WORK REQUEST: Examine each line of the data. Copy the line if it includes the word "functions".

PROVIDED ENTRIES:

(* In the setting described in the context, assume (F1) and (F2), that $\alpha\le\frac{2}{L+\beta}$, that $\rho:=\sigma_W(1+\alpha L\delta)<1$, and that there exists $R>0$ with $\|\bar w(t)-w_*\|\le R$ for all $t\ge0$. Let $\mathbf D_1=\delta\|1_n-n\pi\|_\pi+\sqrt{\sum_{j=1}^n 1/\pi_j}$, $\mathbf D_2=L\delta\|1_n-n\pi\|_\pi\|w_*\|+\|\nabla F(1_n\otimes w_* )\|_{\pi\otimes1_d}$, and $\bar R=L\mathbf D_1R+\mathbf D_2$. Then for all $t\ge0$, $$\|w(t)-n\pi\otimes\bar w(t)\|_{\pi\otimes1_d}\le\rho^t\|w(0)-n\pi\otimes\bar w(0)\|_{\pi\otimes1_d}+\frac{\alpha\sigma_W\bar R}{1-\rho}$$ and $$\begin{aligned}\|\bar w(t)-w_*\|&\le(1-\gamma\alpha)^t\|\bar w(0)-w_*\|+\frac{\alpha L\delta}{n}\|w(0)-n\pi\otimes\bar w(0)\|_{\pi\otimes1_d}\,t\,[\max\{1-\gamma\alpha,\rho\}]^{t-1}\\&\quad+\frac{\alpha L\delta}{n}\|1_n-n\pi\|_\pi(\|w_*\|+R)\,t\,[\max\{1-\gamma\alpha,\sigma_W\}]^{t-1}+\frac{\alpha L\delta}{n\gamma}\frac{\sigma_W\bar R}{1-\rho}.\end{aligned}$$
   Context: Graph and weights: $G=(V,E)$ directed, $V=\{1,\dots,n\}$, $(i,i)\in E$ for all $i$, and $G$ strongly connected. Let $d_j=|\{i:(j,i)\in E\}|$ and $W_{ij}=1/d_j$ if $(j,i)\in E$, $W_{ij}=0$ otherwise. Let $\pi\in\mathbb R^n$ be the vector with $W\pi=\pi$, $\pi_i>0$, $\sum_i\pi_i=1$, and $W^\infty=\pi 1_n^\top$. For $x\in\mathbb R^n$, $\|x\|_\pi=(\sum_i x_i^2/\pi_i)^{1/2}$, $|||A|||_\pi$ is the induced operator norm, and $\sigma_W:=|||W-W^\infty|||_\pi$ (known to satisfy $\sigma_W<1$). For $x=\mathrm{col}(x_1,\dots,x_n)\in\mathbb R^{nd}$, $\|x\|_{\pi\otimes1_d}=(\sum_i\|x_i\|^2/\pi_i)^{1/2}$; $\|\cdot\|$ is Euclidean. For $v\in\mathbb R^n$, $u\in\mathbb R^d$, $v\otimes u=\mathrm{col}(v_1u,\dots,v_nu)$. Costs: $f_i:\mathbb R^d\to\mathbb R$, $f=\frac1n\sum_i f_i$. (F1): each $\nabla f_i$ is Lipschitz with constant $L_i>0$; $L:=\max_iL_i$. (F2): $f$ is $\beta$-strongly convex, $\beta>0$. $w_*$ is the unique minimizer of $f$; $\gamma=\frac{\beta L}{\beta+L}$; $\nabla F(x)=\mathrm{col}(\nabla f_1(x_1),\dots,\nabla f_n(x_n))$. Gradient-push algorithm with stepsize $\alpha>0$: given $w(0)\in\mathbb R^{nd}$ and $y(0)=1_n$, for $t\ge0$: $z_i(t)=w_i(t)/y_i(t)$, $x_i(t)=w_i(t)-\alpha\nabla f_i(z_i(t))$, $w_i(t+1)=\sum_jW_{ij}x_j(t)$, $y_i(t+1)=\sum_jW_{ij}y_j(t)$. $\bar w(t)=\frac1n\sum_iw_i(t)$. $\delta:=\sup_{t\ge0}\max_i1/y_i(t)$ (finite). *)

theory Defs
  imports "HOL-Analysis.Analysis"
begin

text \<open>Nodes are indexed by 0..<n (the paper uses 1..n). Vectors in R^n are functions
  nat => real, block vectors in R^(nd) are functions nat => 'a with 'a a Euclidean space.\<close>

definition out_deg :: "(nat \<times> nat) set \<Rightarrow> nat \<Rightarrow> nat" where
  "out_deg E j = card {i. (j, i) \<in> E}"

definition weight_mat :: "(nat \<times> nat) set \<Rightarrow> nat \<Rightarrow> nat \<Rightarrow> real" where
  "weight_mat E i j = (if (j, i) \<in> E then 1 / real (out_deg E j) else 0)"

definition mat_vec :: "nat \<Rightarrow> (nat \<Rightarrow> nat \<Rightarrow> real) \<Rightarrow> (nat \<Rightarrow> real) \<Rightarrow> nat \<Rightarrow> real" where
  "mat_vec n A x = (\<lambda>i. \<Sum>j<n. A i j * x j)"

definition pi_norm :: "nat \<Rightarrow> (nat \<Rightarrow> real) \<Rightarrow> (nat \<Rightarrow> real) \<Rightarrow> real" where
  "pi_norm n p x = sqrt (\<Sum>i<n. (x i)\<^sup>2 / p i)"

definition pi_op_norm :: "nat \<Rightarrow> (nat \<Rightarrow> real) \<Rightarrow> (nat \<Rightarrow> nat \<Rightarrow> real) \<Rightarrow> real" where
  "pi_op_norm n p A = Sup {pi_norm n p (mat_vec n A x) | x. pi_norm n p x \<le> 1}"

definition pi_block_norm :: "nat \<Rightarrow> (nat \<Rightarrow> real) \<Rightarrow> (nat \<Rightarrow> 'a::euclidean_space) \<Rightarrow> real" where
  "pi_block_norm n p x = sqrt (\<Sum>i<n. (norm (x i))\<^sup>2 / p i)"

definition strongly_convex :: "real \<Rightarrow> ('a::real_normed_vector \<Rightarrow> real) \<Rightarrow> bool" where
  "strongly_convex \<beta> h \<longleftrightarrow> (\<forall>x y. \<forall>s::real. 0 \<le> s \<and> s \<le> 1 \<longrightarrow>
     h (s *\<^sub>R x + (1 - s) *\<^sub>R y) \<le> s * h x + (1 - s) * h y - \<beta> / 2 * s * (1 - s) * (norm (x - y))\<^sup>2)"

end

(* Write z_j(t) = w_j(t) / y_j(t) and e(t) = |w(t) - n pi (x) wbar(t)|_pi.  Since W pi = pi and
   1^T pi = 1, both y and w mix through W - pi 1^T, whose norm is sigma_W < 1: y(t) - n pi decays
   like sigma_W^t, and e(t+1) <= sigma_W (e(t) + alpha |grad F(z(t))|).  Strong connectivity with
   self-loops keeps the weights y bounded below, so delta is finite and
   |z_j - wbar| <= delta (|w_j - n pi_j wbar| + |y_j - n pi_j| |wbar|); with Lipschitz gradients
   and |wbar - w*| <= R this gives |grad F(z(t))| <= L delta e(t) + Rbar, hence
   e(t+1) <= rho e(t) + alpha sigma_W Rbar.  The average moves by
   wbar(t+1) = wbar(t) - (alpha/n) sum_j grad f_j(z_j(t)): an exact gradient step on f, which
   contracts by 1 - gamma alpha when alpha <= 2/(L + beta) (Nesterov's co-coercivity bound), plus
   an error of size (alpha L delta/n) (e(t) + sigma_W^t |1 - n pi|_pi (|w*| + R)).  Unrolling the
   two coupled linear recursions yields both estimates. *)

theory Submission
  imports Defs
begin

section \<open>Weighted norms\<close>

locale pos_weights =
  fixes n :: nat and p :: "nat \<Rightarrow> real"
  assumes weights_pos: "\<forall>i<n. p i > 0"
begin

lemma pi_norm_eq_L2_set: "pi_norm n p x = L2_set (\<lambda>i. x i / sqrt (p i)) {..<n}"
  unfolding pi_norm_def L2_set_def
  using weights_pos by (intro arg_cong[where f = sqrt] sum.cong) (auto simp: power_divide)

lemma pi_norm_nonneg: "0 \<le> pi_norm n p x"
  by (simp add: pi_norm_eq_L2_set)

lemma pi_norm_triangle: "pi_norm n p (\<lambda>i. x i + z i) \<le> pi_norm n p x + pi_norm n p z"
  unfolding pi_norm_eq_L2_set by (simp add: add_divide_distrib L2_set_triangle_ineq)

lemma pi_norm_scale: "pi_norm n p (\<lambda>i. c * x i) = \<bar>c\<bar> * pi_norm n p x"
proof -
  have "pi_norm n p (\<lambda>i. c * x i) = sqrt (c\<^sup>2 * (\<Sum>i<n. (x i)\<^sup>2 / p i))"
    unfolding pi_norm_def by (simp add: sum_distrib_left power_mult_distrib)
  then show ?thesis
    unfolding pi_norm_def by (simp add: real_sqrt_mult)
qed

lemma pi_norm_mono:
  assumes "\<forall>i<n. \<bar>x i\<bar> \<le> z i"
  shows "pi_norm n p x \<le> pi_norm n p z"
  unfolding pi_norm_def
proof (intro real_sqrt_le_mono sum_mono)
  fix i assume "i \<in> {..<n}"
  then have "\<bar>x i\<bar> \<le> z i" "0 < p i"
    using assms weights_pos by auto
  moreover from \<open>\<bar>x i\<bar> \<le> z i\<close> have "\<bar>x i\<bar>\<^sup>2 \<le> (z i)\<^sup>2"
    by (intro power_mono) auto
  ultimately show "(x i)\<^sup>2 / p i \<le> (z i)\<^sup>2 / p i"
    by (simp add: divide_right_mono)
qed

lemma pi_norm_cong: "\<forall>i<n. x i = z i \<Longrightarrow> pi_norm n p x = pi_norm n p z"
  unfolding pi_norm_def by (intro arg_cong[where f = sqrt] sum.cong) auto

lemma pi_norm_abs: "pi_norm n p (\<lambda>i. \<bar>x i\<bar>) = pi_norm n p x"
  unfolding pi_norm_def by simp

lemma pi_norm_const_one: "pi_norm n p (\<lambda>i. 1) = sqrt (\<Sum>j<n. 1 / p j)"
  unfolding pi_norm_def by simp

lemma pi_norm_sq: "(pi_norm n p x)\<^sup>2 = (\<Sum>i<n. (x i)\<^sup>2 / p i)"
  unfolding pi_norm_def using weights_pos by (intro real_sqrt_pow2 sum_nonneg) auto

lemma pi_block_norm_eq_pi_norm: "pi_block_norm n p x = pi_norm n p (\<lambda>i. norm (x i))"
  unfolding pi_block_norm_def pi_norm_def by simp

lemma pi_block_norm_nonneg: "0 \<le> pi_block_norm n p x"
  by (simp add: pi_block_norm_eq_pi_norm pi_norm_nonneg)

lemma pi_block_norm_triangle:
  "pi_block_norm n p (\<lambda>i. x i + z i) \<le> pi_block_norm n p x + pi_block_norm n p z"
  unfolding pi_block_norm_eq_pi_norm
  using pi_norm_mono[of "\<lambda>i. norm (x i + z i)" "\<lambda>i. norm (x i) + norm (z i)"]
    pi_norm_triangle[of "\<lambda>i. norm (x i)" "\<lambda>i. norm (z i)"]
  by (simp add: norm_triangle_ineq)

WORKED SOLUTION:
text \<open>Nodes are indexed by 0..<n (the paper uses 1..n). Vectors in R^n are functions
  nat => real, block vectors in R^(nd) are functions nat => 'a with 'a a Euclidean space.\<close>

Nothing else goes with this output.